After the release of the Cavs’ NBA Cup schedule, fans can now get a basic idea of how hard the upcoming season will be for the team. With or without load management, the NBA regular season is a long and arduous ordeal in itself, and it only becomes harder when you account for the number of back-to-backs in a team’s schedule. For the 2024-2025 season, the burden falls on the Cavaliers, who will have the most back-to-backs of all 30 teams in the association.

The Cavs will play 16 back to back games in their next season schedule, per a report from Brett Siegel on X, formerly Twitter. Besides the Cavs, other teams with 16 back to back games are the Houston Rockets, Los Angeles Clippers, Oklahoma City Thunder, the Sacramento Kings, and the Washington Wizards.

Why so many back to backs for the Cavs?

Cleveland starDonovan Mitchell watches The Ville during their game against Sideline Cancer on Monday, July 22, 2024 in Louisville, Ky.
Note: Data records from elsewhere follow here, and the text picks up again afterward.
(* Its fixed subalgebra D
   and its (-1)-eigenspace W give the Cayley-Dickson decomposition C = D \<oplus> D a
   for any a \<in> W with N a \<noteq> 0. *)
locale algebra_involution = composition_algebra scale mult e N
  for scale :: "'k::field \<Rightarrow> 'c::ab_group_add \<Rightarrow> 'c" (infixr "\<star>" 75)
    and mult :: "'c \<Rightarrow> 'c \<Rightarrow> 'c" (infixl "\<odot>" 70)
    and e :: 'c and N :: "'c \<Rightarrow> 'k" +
  fixes t :: "'c \<Rightarrow> 'c"
  assumes t_linear: "Vector_Spaces.linear scale scale t"
    and t_mult: "\<And>x y. t (x \<odot> y) = t x \<odot> t y"
    and t_t [simp]: "\<And>x. t (t x) = x"
    and t_not_id: "\<exists>x. t x \<noteq> x"
begin

lemma t_hom: "module_hom scale scale t" using module_hom_linearI[OF t_linear] .
lemma t_add [simp]: "t (x + y) = t x + t y" using module_hom.add[OF t_hom] .
lemma t_scale [simp]: "t (c \<star> x) = c \<star> t x" using module_hom.scale[OF t_hom] .
lemma t_zero [simp]: "t 0 = 0" using module_hom.zero[OF t_hom] .
lemma t_neg [simp]: "t (- x) = - t x" using module_hom.neg[OF t_hom] .
lemma t_diff [simp]: "t (x - y) = t x - t y" using module_hom.diff[OF t_hom] .

lemma t_unit [simp]: "t e = e"
  using t_mult[of e "t e"] by simp

abbreviation D :: "'c set" where "D \<equiv> fixed_subalgebra t"
definition W :: "'c set" where "W = {x. t x = - x}"

lemma mem_D: "x \<in> D \<longleftrightarrow> t x = x" unfolding fixed_subalgebra_def by simp
lemma mem_W: "x \<in> W \<longleftrightarrow> t x = - x" unfolding W_def by simp

lemma unit_D [simp]: "e \<in> D" by (simp add: mem_D)
lemma D_add: "x \<in> D \<Longrightarrow> y \<in> D \<Longrightarrow> x + y \<in> D" by (simp add: mem_D)
lemma D_diff: "x \<in> D \<Longrightarrow> y \<in> D \<Longrightarrow> x - y \<in> D" by (simp add: mem_D)
lemma D_neg: "x \<in> D \<Longrightarrow> - x \<in> D" by (simp add: mem_D)
lemma D_scale: "x \<in> D \<Longrightarrow> c \<star> x \<in> D" by (simp add: mem_D)
lemma W_add: "x \<in> W \<Longrightarrow> y \<in> W \<Longrightarrow> x + y \<in> W" by (simp add: mem_W)
lemma W_scale: "x \<in> W \<Longrightarrow> c \<star> x \<in> W" by (simp add: mem_W)
lemma D_mult_D: "x \<in> D \<Longrightarrow> y \<in> D \<Longrightarrow> x \<odot> y \<in> D" by (simp add: mem_D t_mult)
lemma D_mult_W: "x \<in> D \<Longrightarrow> y \<in> W \<Longrightarrow> x \<odot> y \<in> W" by (simp add: mem_D mem_W t_mult)
lemma W_mult_D: "x \<in> W \<Longrightarrow> y \<in> D \<Longrightarrow> x \<odot> y \<in> W" by (simp add: mem_D mem_W t_mult)
lemma W_mult_W: "x \<in> W \<Longrightarrow> y \<in> W \<Longrightarrow> x \<odot> y \<in> D" by (simp add: mem_D mem_W t_mult)
lemma cnj_D: "x \<in> D \<Longrightarrow> cnj x \<in> D" unfolding cnj_def by (intro D_diff D_scale unit_D)

lemma subspace_D: "V.subspace D" unfolding V.subspace_def by (auto intro: D_add D_scale simp: mem_D)
lemma subspace_W: "V.subspace W" unfolding V.subspace_def by (auto intro: W_add W_scale simp: mem_W)

lemma D_inter_W: "D \<inter> W \<subseteq> {0}"
proof
  fix x assume "x \<in> D \<inter> W"
  then have "x + x = 0" by (simp add: mem_D mem_W) (metis add.right_inverse)
  then have "(2::'k) \<star> x = 0" by (simp add: scale_two)
  then show "x \<in> {0}" using two_nonzero by simp
qed

(* Elements of W are pure: applying t to x x = tr x x - N x e forces tr x = 0. *)
lemma tr_W: "x \<in> W \<Longrightarrow> tr x = 0"
proof -
  assume "x \<in> W"
  then have tx: "t x = - x" by (simp add: mem_W)
  have "t (x \<odot> x) = x \<odot> x" by (simp add: t_mult tx)
  then have "- (tr x \<star> x) = tr x \<star> x" by (simp add: quadratic_equation tx)
  then have "tr x \<star> x + tr x \<star> x = 0" by (metis add.commute neg_eq_iff_add_eq_0)
  then have "(2 * tr x) \<star> x = 0" by (simp add: scale_two)
  then have "x = 0 \<or> tr x = 0" using two_nonzero by auto
  then show "tr x = 0" by auto
qed

lemma cnj_W: "x \<in> W \<Longrightarrow> cnj x = - x" unfolding cnj_def by (simp add: tr_W)

lemma D_orth_W: "x \<in> D \<Longrightarrow> y \<in> W \<Longrightarrow> b x y = 0"
proof -
  assume x: "x \<in> D" and y: "y \<in> W"
  have "b x y = b (e \<odot> x) y" by simp
  also have "\<dots> = b e (y \<odot> cnj x)" by (rule b_adjoint)
  also have "\<dots> = tr (y \<odot> cnj x)" unfolding tr_def by (rule b_sym)
  also have "\<dots> = 0" using W_mult_D[OF y cnj_D[OF x]] by (rule tr_W)
  finally show ?thesis .
qed

definition proj_D :: "'c \<Rightarrow> 'c" where "proj_D x = (1/2::'k) \<star> (x + t x)"
definition proj_W :: "'c \<Rightarrow> 'c" where "proj_W x = (1/2::'k) \<star> (x - t x)"

lemma proj_D_in: "proj_D x \<in> D" unfolding proj_D_def mem_D by (simp add: add.commute)
lemma proj_W_in: "proj_W x \<in> W" unfolding proj_W_def mem_W by (simp add: algebra_simps)

lemma proj_D_W: "proj_D x + proj_W x = x"
proof -
  have "proj_D x + proj_W x = (1/2::'k) \<star> (x + x)"
    unfolding proj_D_def proj_W_def by (simp add: algebra_simps)
  then show ?thesis by (simp add: half_double)
qed

lemma proj_D_add [simp]: "proj_D (x + y) = proj_D x + proj_D y"
  and proj_D_scale [simp]: "proj_D (c \<star> x) = c \<star> proj_D x"
  and proj_W_add [simp]: "proj_W (x + y) = proj_W x + proj_W y"
  and proj_W_scale [simp]: "proj_W (c \<star> x) = c \<star> proj_W x"
  unfolding proj_D_def proj_W_def by (simp_all add: algebra_simps)

(* Orthogonality of D and W reduces nondegeneracy tests to one summand. *)
lemma b_zero_if_orth_D: "x \<in> D \<Longrightarrow> (\<And>z. z \<in> D \<Longrightarrow> b x z = 0) \<Longrightarrow> b x y = 0"
proof -
  assume x: "x \<in> D" and orth: "\<And>z. z \<in> D \<Longrightarrow> b x z = 0"
  have "b x y = b x (proj_D y) + b x (proj_W y)" by (simp flip: b_add_right add: proj_D_W)
  then show ?thesis using orth[OF proj_D_in] D_orth_W[OF x proj_W_in] by simp
qed

(* Since t \<noteq> id, W is nonzero, and nondegeneracy forces an anisotropic vector in W. *)
lemma anisotropic_in_W: "\<exists>a\<in>W. N a \<noteq> 0"
proof (rule ccontr)
  assume "\<not> (\<exists>a\<in>W. N a \<noteq> 0)"
  then have N_W: "\<And>a. a \<in> W \<Longrightarrow> N a = 0" by blast
  have b_W: "b u v = 0" if "u \<in> W" "v \<in> W" for u v
    using N_W[OF that(1)] N_W[OF that(2)] N_W[OF W_add[OF that]] unfolding polar_def by simp
  obtain x where x: "t x \<noteq> x" using t_not_id by blast
  have "proj_W x \<noteq> 0"
  proof
    assume "proj_W x = 0"
    then have "proj_D x = x" using proj_D_W[of x] by simp
    then show False using proj_D_in[of x] x by (simp add: mem_D)
  qed
  moreover have "b (proj_W x) y = 0" for y
  proof -
    have "b (proj_W x) y = b (proj_W x) (proj_D y) + b (proj_W x) (proj_W y)"
      by (simp flip: b_add_right add: proj_D_W)
    then show ?thesis
      using D_orth_W[OF proj_D_in proj_W_in] b_W[OF proj_W_in proj_W_in] by (simp add: b_sym)
  qed
  ultimately show False using nondegenerate_b by blast
qed

(* Multiplication rules of the Cayley-Dickson double, for x, y, u \<in> D and a \<in> W;
   all are instances of right_mult_cnj_identity combined with D \<bottom> W. *)
lemma mult_D_W_assoc: "x \<in> D \<Longrightarrow> a \<in> W \<Longrightarrow> (y \<odot> x) \<odot> a = (y \<odot> a) \<odot> cnj x"
  using right_mult_cnj_identity[of y a x] by (simp add: cnj_W D_orth_W algebra_simps)

lemma mult_D_DW: "x \<in> D \<Longrightarrow> y \<in> D \<Longrightarrow> a \<in> W \<Longrightarrow> x \<odot> (y \<odot> a) = (y \<odot> x) \<odot> a"
proof -
  assume x: "x \<in> D" and y: "y \<in> D" and a: "a \<in> W"
  have ya: "y \<odot> a \<in> W" by (rule D_mult_W[OF y a])
  have "(e \<odot> x) \<odot> cnj (y \<odot> a) + (e \<odot> (y \<odot> a)) \<odot> cnj x = b (y \<odot> a) x \<star> e"
    by (rule right_mult_cnj_identity)
  then have "x \<odot> (y \<odot> a) = (y \<odot> a) \<odot> cnj x"
    using ya x by (simp add: cnj_W D_orth_W b_sym[of _ x] algebra_simps)
  then show ?thesis using mult_D_W_assoc[OF x a] by simp
qed

lemma mult_DW_D: "u \<in> D \<Longrightarrow> a \<in> W \<Longrightarrow> (y \<odot> a) \<odot> u = (y \<odot> cnj u) \<odot> a"
  using mult_D_W_assoc[OF cnj_D, of u a y] by simp

lemma mult_DW_DW:
  "x \<in> D \<Longrightarrow> y \<in> D \<Longrightarrow> a \<in> W \<Longrightarrow> (x \<odot> a) \<odot> (y \<odot> a) = - (N a \<star> (cnj y \<odot> x))"
proof -
  assume x: "x \<in> D" and y: "y \<in> D" and a: "a \<in> W"
  have ya: "y \<odot> a \<in> W" by (rule D_mult_W[OF y a])
  have "(x \<odot> a) \<odot> cnj (y \<odot> a) + (x \<odot> (y \<odot> a)) \<odot> cnj a = b (y \<odot> a) a \<star> x"
    by (rule right_mult_cnj_identity)
  moreover have "b (y \<odot> a) a = tr y * N a" using b_mult_right[of y a e] by (simp add: tr_def)
  moreover have "(x \<odot> (y \<odot> a)) \<odot> a = - (N a \<star> (y \<odot> x))"
    using mult_D_DW[OF x y a] right_mult_twice[OF tr_W[OF a]] by simp
  ultimately have "- ((x \<odot> a) \<odot> (y \<odot> a)) + N a \<star> (y \<odot> x) = (tr y * N a) \<star> x"
    using ya a by (simp add: cnj_W)
  then show ?thesis unfolding cnj_def by (simp add: algebra_simps)
qed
© Clare Grant/Courier Journal / USA TODAY NETWORK

Amid the NBA’s efforts to stop load management, it seems counterintuitive and counterproductive for the league to ignore the probable additive effects of back to backs to players’ fatigue levels and physical wear and tear. Fans might think that limiting back to back games would help curb load management by actually allowing players to rest and recover for longer, but the league remains stubborn.

Fewer back to back games wouldn’t also be as concerning to the NBA as a business compared to cutting down the number of games from 82, as some people have also suggested.

However, the NBA did commission a study that eventually found no link between load management and a decrease in player injury risk. At this point, it falls upon the Cavs’ medical staff to make sure Donovan Mitchell, Darius Garland, Jarrett Allen, and Evan Mobley remain in top shape throughout the regular season grind, especially if the Cavs want to advance past the second round of the playoffs.

Besides the back to backs, the Cavaliers still have to play in the NBA Cup, an in-season tournament designed to add some flavor to a long season that might get tedious in the middle. Last season, the Los Angeles Lakers won the inaugural tournament.

Still, fans have many reasons to be optimistic. The Cavs just signed Jarrett Allen to a three-year, $91 million max contract extension, while also signing Evan Mobley to a five-year, $224 million extension. Likewise, they’ve also locked in Donovan Mitchell to a three-year extension worth $150.3 million. With their contract situations settled, it’s up to the Cavaliers core to keep delivering postseason success to The Land.